With these scans, more than 80 percent of lung cancers have a chance of being cured if detected at an early stage, Skaryak says. That number is tremendous, considering that the five-year survival rate for lung cancer is typically pretty low. The low rate is because most lung cancers are diagnosed when they are either incurable or very unlikely to be cured.

“The quicker we can catch lung cancer, the better we can treat it, and the better chance we have at beating it,” says Dr. Steven Scott of Riverside Thoracic and Cardiovascular Surgery in Newport News. “Lung cancer is a deadly disease, but it doesn’t have to be.”

Lung cancer screening involves little more than what an X-ray would—the patient lies on a table and is asked to hold his or her breath to capture the most accurate images. The CT scan is a low-dose one, and has only about 20 percent as much radiation as a regular CT. If the results are negative, the patient is advised to get screened each year—and to quit smoking.

If a screening is positive, patients are immediately recommended for additional follow-up.

In Hampton Roads, all of the major health systems—Riverside Health System, Bon Secours Health System, Sentara Healthcare and Chesapeake Regional Healthcare—offer lung cancer screenings. This year alone, Sentara has screened about 300 people in Hampton Roads. The number has jumped dramatically since insurance carriers began covering the cost of the screenings, says Robin McClelland, who coordinates the CT Lung Screening Program at Sentara.

Another bonus to the program—besides catching early-stage lung cancers—has been getting people to take their lung health more seriously, McClelland says.

“The patients who have had the screenings are making sure they’re being followed by their physician,” McClelland says. “They’re staying on top of it. ”Kirk’s positive screening at Sentara Virginia Beach General Hospital led to the removal of the upper left lobe of her lung. 
She now has regular checkups to make sure the cancer doesn’t return.

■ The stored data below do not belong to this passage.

text \<open>Comparing determinants and traces gives \<open>det x = (det x)\<^sup>4\<close> and \<open>t = t\<^sup>4 - 4 t\<^sup>2 + 2\<close> for
  \<open>t = trace x\<close>, i.e. \<open>(t - 2) (t + 1) (t\<^sup>2 + t - 1) = 0\<close>. By Cayley-Hamilton, the roots
  \<open>t = -1\<close> and \<open>t\<^sup>2 + t = 1\<close> force \<open>x\<^sup>3 = 1\<close> and \<open>x\<^sup>5 = 1\<close>, respectively.\<close>
lemma unipotent_if_conj_to_fourth_power:
  assumes "invertible x" "invertible g"
    and conj: "g ** x ** matrix_inv g = x ** x ** x ** x"
    and "x ** x ** x \<noteq> mat 1" "x ** x ** x ** x ** x \<noteq> mat 1"
  shows "unipotent x"
proof -
  obtain a b c d where x: "x = mat22 a b c d"
    by (rule mat22_cases)
  have "det x = det x ^ 4"
    using det_conj[OF assms(2), of x] by (simp add: conj det_mul power4_eq_xxxx)
  then have "det x * (det x - 1) * ((det x + 1/2)\<^sup>2 + 3/4) = 0"
    by algebra
  moreover have "(det x + 1/2)\<^sup>2 + 3/4 > 0"
    by (simp add: add_nonneg_pos)
  ultimately have det: "a*d - b*c = 1"
    using assms(1) x by (simp add: invertible_det_nz)
  define t where "t = a + d"
  have "trace (x ** x ** x ** x) = trace x"
    using trace_conj[OF assms(2), of x] by (simp add: conj)
  then have "t = t^4 - 4*t^2 + 2"
    using det by (simp add: x t_def) algebra
  then have "(t - 2) * (t + 1) * (t^2 + t - 1) = 0"
    by algebra
  moreover have "t \<noteq> -1"
  proof
    assume "t = -1"
    then have "x ** x ** x = mat 1"
      using det by (simp add: x t_def mat22_one) algebra
    with assms(4) show False ..
  qed
  moreover have "t^2 + t - 1 \<noteq> 0"
  proof
    assume "t^2 + t - 1 = 0"
    then have "x ** x ** x ** x ** x = mat 1"
      using det by (simp add: x t_def mat22_one) algebra
    with assms(5) show False ..
  qed
  ultimately have "t = 2"
    by simp
  then show ?thesis
    using det by (simp add: unipotent_def x t_def)
qed

lemma commuting_traceless_eq_scaleR:
  fixes A C :: "real^2^2"
  assumes "trace A = 0" "trace C = 0" "A \<noteq> 0" "C ** A = A ** C"
  shows "\<exists>l. C = l *\<^sub>R A"
proof -
  obtain p q r s where A: "A = mat22 p q r s" by (rule mat22_cases)
  obtain x y z w where C: "C = mat22 x y z w" by (rule mat22_cases)
  have s: "s = - p" and w: "w = - x"
    using assms(1,2) by (simp_all add: A C eq_neg_iff_add_eq_0)
  have h: "y * r = q * z" "q * x = p * y" "p * z = r * x"
    using assms(4) unfolding A C s w by simp_all
  have nz: "p \<noteq> 0 \<or> q \<noteq> 0 \<or> r \<noteq> 0"
    using assms(3) by (auto simp: A s mat22_zero)
  consider "q \<noteq> 0" | "q = 0" "r \<noteq> 0" | "q = 0" "r = 0" "p \<noteq> 0"
    using nz by blast
  then show ?thesis
  proof cases
    case 1
    then have "C = (y/q) *\<^sub>R A"
      using h by (simp add: A C s w field_simps)
    then show ?thesis ..
  next
    case 2
    moreover have "y = 0"
      using h 2 by simp
    ultimately have "C = (z/r) *\<^sub>R A"
      using h by (simp add: A C s w field_simps)
    then show ?thesis ..
  next
    case 3
    moreover have "y = 0" "z = 0"
      using h 3 by (simp_all add: algebra_simps)
    ultimately have "C = (x/p) *\<^sub>R A"
      using h by (simp add: A C s w field_simps)
    then show ?thesis ..
  qed
qed

lemma unipotent_commuting_eq_one_plus_scaleR:
  assumes "unipotent C" "trace A = 0" "A \<noteq> 0" "C ** A = A ** C"
  shows "\<exists>l. C = mat 1 + l *\<^sub>R A"
proof -
  have "(C - mat 1) ** A = A ** (C - mat 1)"
    using assms(4) by (simp add: matrix_diff_ldistrib matrix_diff_rdistrib)
  moreover have "trace (C - mat 1) = 0"
    using assms(1) unipotent_iff_nilpotent by blast
  ultimately obtain l where "C - mat 1 = l *\<^sub>R A"
    using commuting_traceless_eq_scaleR assms(2,3) by blast
  then show ?thesis
    by (metis add.commute diff_add_cancel)
qed

lemma traceless_if_square_eq_neg_one:
  assumes "(X::real^2^2) ** X = - mat 1"
  shows "trace X = 0"
proof (cases X rule: mat22_cases)
  case (1 a b c d)
  then have h: "a * a + b * c = -1" "b * (a + d) = 0" "c * (a + d) = 0"
    using assms by (simp_all add: mat22_one algebra_simps)
  show ?thesis
  proof (rule ccontr)
    assume "trace X \<noteq> 0"
    then have "b = 0" "c = 0"
      using h(2,3) by (simp_all add: 1)
    then show False
      using h(1) by (metis add.right_neutral mult_zero_left not_square_less_zero neg_less_0_iff_less
          zero_less_one)
  qed
qed

definition E12 :: "real^2^2" where
  "E12 = mat22 0 1 0 0"

definition E21 :: "real^2^2" where
  "E21 = mat22 0 0 1 0"

definition upper_unip :: "real \<Rightarrow> real^2^2" where
  "upper_unip t = mat 1 + t *\<^sub>R E12"

definition lower_unip :: "real \<Rightarrow> real^2^2" where
  "lower_unip t = mat 1 + t *\<^sub>R E21"

lemma upper_unip_mat22: "upper_unip t = mat22 1 t 0 1"
  and lower_unip_mat22: "lower_unip t = mat22 1 0 t 1"
  by (simp_all add: upper_unip_def lower_unip_def E12_def E21_def mat22_one)

lemma E12_square: "E12 ** E12 = 0"
  by (simp add: E12_def mat22_zero)

lemma upper_unip_add: "upper_unip s ** upper_unip t = upper_unip (s + t)"
  by (simp add: upper_unip_def one_plus_nilpotent_mult E12_square)

lemma upper_unip_zero: "upper_unip 0 = mat 1"
  by (simp add: upper_unip_def)

lemma matrix_inv_upper_unip: "matrix_inv (upper_unip t) = upper_unip (- t)"
  by (simp add: upper_unip_def matrix_inv_one_plus_nilpotent E12_square)

lemma det_upper_unip [simp]: "det (upper_unip t) = 1"
  and det_lower_unip [simp]: "det (lower_unip t) = 1"
  by (simp_all add: upper_unip_mat22 lower_unip_mat22)

lemma upper_unip_eq_one_iff: "upper_unip t = mat 1 \<longleftrightarrow> t = 0"
  by (simp add: upper_unip_mat22 mat22_one)

lemma scalar_if_commutes_with_unip:
  assumes "K ** upper_unip 1 = upper_unip 1 ** K" "K ** lower_unip 1 = lower_unip 1 ** K"
  shows "K = K$1$1 *\<^sub>R mat 1"
  using assms by (cases K rule: mat22_cases) (simp add: upper_unip_mat22 lower_unip_mat22 mat22_one)

lemma SL2_lower_upper_decomposition:
  assumes "det s = 1"
  shows "\<exists>x y z u v. s = lower_unip x ** upper_unip y ** lower_unip z ** upper_unip u ** lower_unip v"
proof -
  obtain a b c d where s: "s = mat22 a b c d"
    by (rule mat22_cases)
  then have det: "a * d - b * c = 1"
    using assms by simp
  show ?thesis
  proof (cases "c = 0")
    case False
    have "s = lower_unip 0 ** upper_unip ((a - 1)/c) ** lower_unip c ** upper_unip ((d - 1)/c)
        ** lower_unip 0"
      using False det by (simp add: s upper_unip_mat22 lower_unip_mat22 field_simps)
    then show ?thesis
      by blast
  next
    case True
    then have "a \<noteq> 0"
      using det by auto
    have "s = lower_unip (-1) ** upper_unip ((a - 1)/a) ** lower_unip a ** upper_unip ((b + d - 1)/a)
        ** lower_unip 0"
      using True \<open>a \<noteq> 0\<close> det by (simp add: s upper_unip_mat22 lower_unip_mat22 field_simps)
    then show ?thesis
      by blast
  qed
qed

lemma trace_one_plus_one_minus_one_plus:
  fixes A B :: "real^2^2"
  assumes "trace A = 0" "trace B = 0" "A ** A = 0"
  shows "trace ((mat 1 + A) ** (mat 1 - B) ** (mat 1 + A)) = 2 - 2 * trace (A ** B)"
proof -
  obtain a1 a2 a3 a4 where A: "A = mat22 a1 a2 a3 a4" by (rule mat22_cases)
  obtain b1 b2 b3 b4 where B: "B = mat22 b1 b2 b3 b4" by (rule mat22_cases)
  have "a1 + a4 = 0" "b1 + b4 = 0" "a1 * a1 + a2 * a3 = 0" "a1 * a2 + a2 * a4 = 0"
    "a3 * a1 + a4 * a3 = 0" "a3 * a2 + a4 * a4 = 0"
    using assms by (simp_all add: A B mat22_zero)
  then show ?thesis
    by (simp add: A B mat22_one) algebra
qed

text \<open>The columns of \<open>P\<close> are \<open>A v\<close> and \<open>v\<close> for a nonzero vector \<open>v\<close> in the kernel of \<open>B\<close>.\<close>
lemma ex_intertwiner_E12_E21:
  fixes A B :: "real^2^2"
  assumes "trace A = 0" "trace B = 0" "A ** A = 0" "B ** B = 0" "trace (A ** B) = 1"
  shows "\<exists>P. invertible P \<and> P ** E12 = A ** P \<and> P ** E21 = B ** P"
proof -
  obtain a1 a2 a3 a4 where A: "A = mat22 a1 a2 a3 a4" by (rule mat22_cases)
  obtain b1 b2 b3 b4 where B: "B = mat22 b1 b2 b3 b4" by (rule mat22_cases)
  have h: "a1 + a4 = 0" "b1 + b4 = 0" "a1 * a1 + a2 * a3 = 0" "a1 * a2 + a2 * a4 = 0"
    "a3 * a1 + a4 * a3 = 0" "a3 * a2 + a4 * a4 = 0" "b1 * b1 + b2 * b3 = 0" "b1 * b2 + b2 * b4 = 0"
    "b3 * b1 + b4 * b3 = 0" "b3 * b2 + b4 * b4 = 0" "a1 * b1 + a2 * b3 + (a3 * b2 + a4 * b4) = 1"
    using assms by (simp_all add: A B mat22_zero algebra_simps)
  define P where "P v1 v2 = mat22 (a1 * v1 + a2 * v2) v1 (a3 * v1 + a4 * v2) v2" for v1 v2
  show ?thesis
  proof (cases "b1 = 0 \<and> b2 = 0")
    case False
    have "det (P b2 (- b1)) = 0 \<Longrightarrow> b1 = 0" "det (P b2 (- b1)) = 0 \<Longrightarrow> b2 = 0"
      using h by (simp_all add: P_def; algebra)+
    moreover have "P b2 (- b1) ** E12 = A ** P b2 (- b1)"
      using h by (simp add: P_def A E12_def; algebra)
    moreover have "P b2 (- b1) ** E21 = B ** P b2 (- b1)"
      using h by (simp add: P_def B E21_def) (intro conjI; algebra)
    ultimately show ?thesis
      using False by (metis invertible_det_nz)
  next
    case True
    then have "b3 \<noteq> 0"
      using h by auto
    moreover have "det (P (- b4) b3) = 0 \<Longrightarrow> b3 = 0"
      using h True by (simp add: P_def; algebra)
    moreover have "P (- b4) b3 ** E12 = A ** P (- b4) b3"
      using h by (simp add: P_def A E12_def; algebra)
    moreover have "P (- b4) b3 ** E21 = B ** P (- b4) b3"
      using h True by (simp add: P_def B E21_def)
    ultimately show ?thesis
      by (metis invertible_det_nz)
  qed
qed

“That’s not to say I don’t worry,” says Kirk, who lives in the Eastern Shore town of Machipongo. “I think once you’ve been diagnosed with cancer, you’re always a little scared. But they made it pretty crystal clear that it was at an early stage 
and it was easily removed. As far as I’m concerned, 
I was incredibly lucky.”

Are you at risk of developing lung cancer? Here are some risk factors:

• History of cancer
• Family history of lung cancer
• Job-related exposure to asbestos
• Radon exposure
• COPD (emphysema)
• Pulmonary fibrosis
• 50 to 55 years old, depending on other risk factors

Are you a candidate for lung cancer screening? You are if you’re:

• 55 to 77 years old
• A current or former smoker (within the last 15 years)
• Have a smoking history of at least 30 “pack-years.” That means 1 pack a day for 30 years, 2 packs a day for 15 years, etc.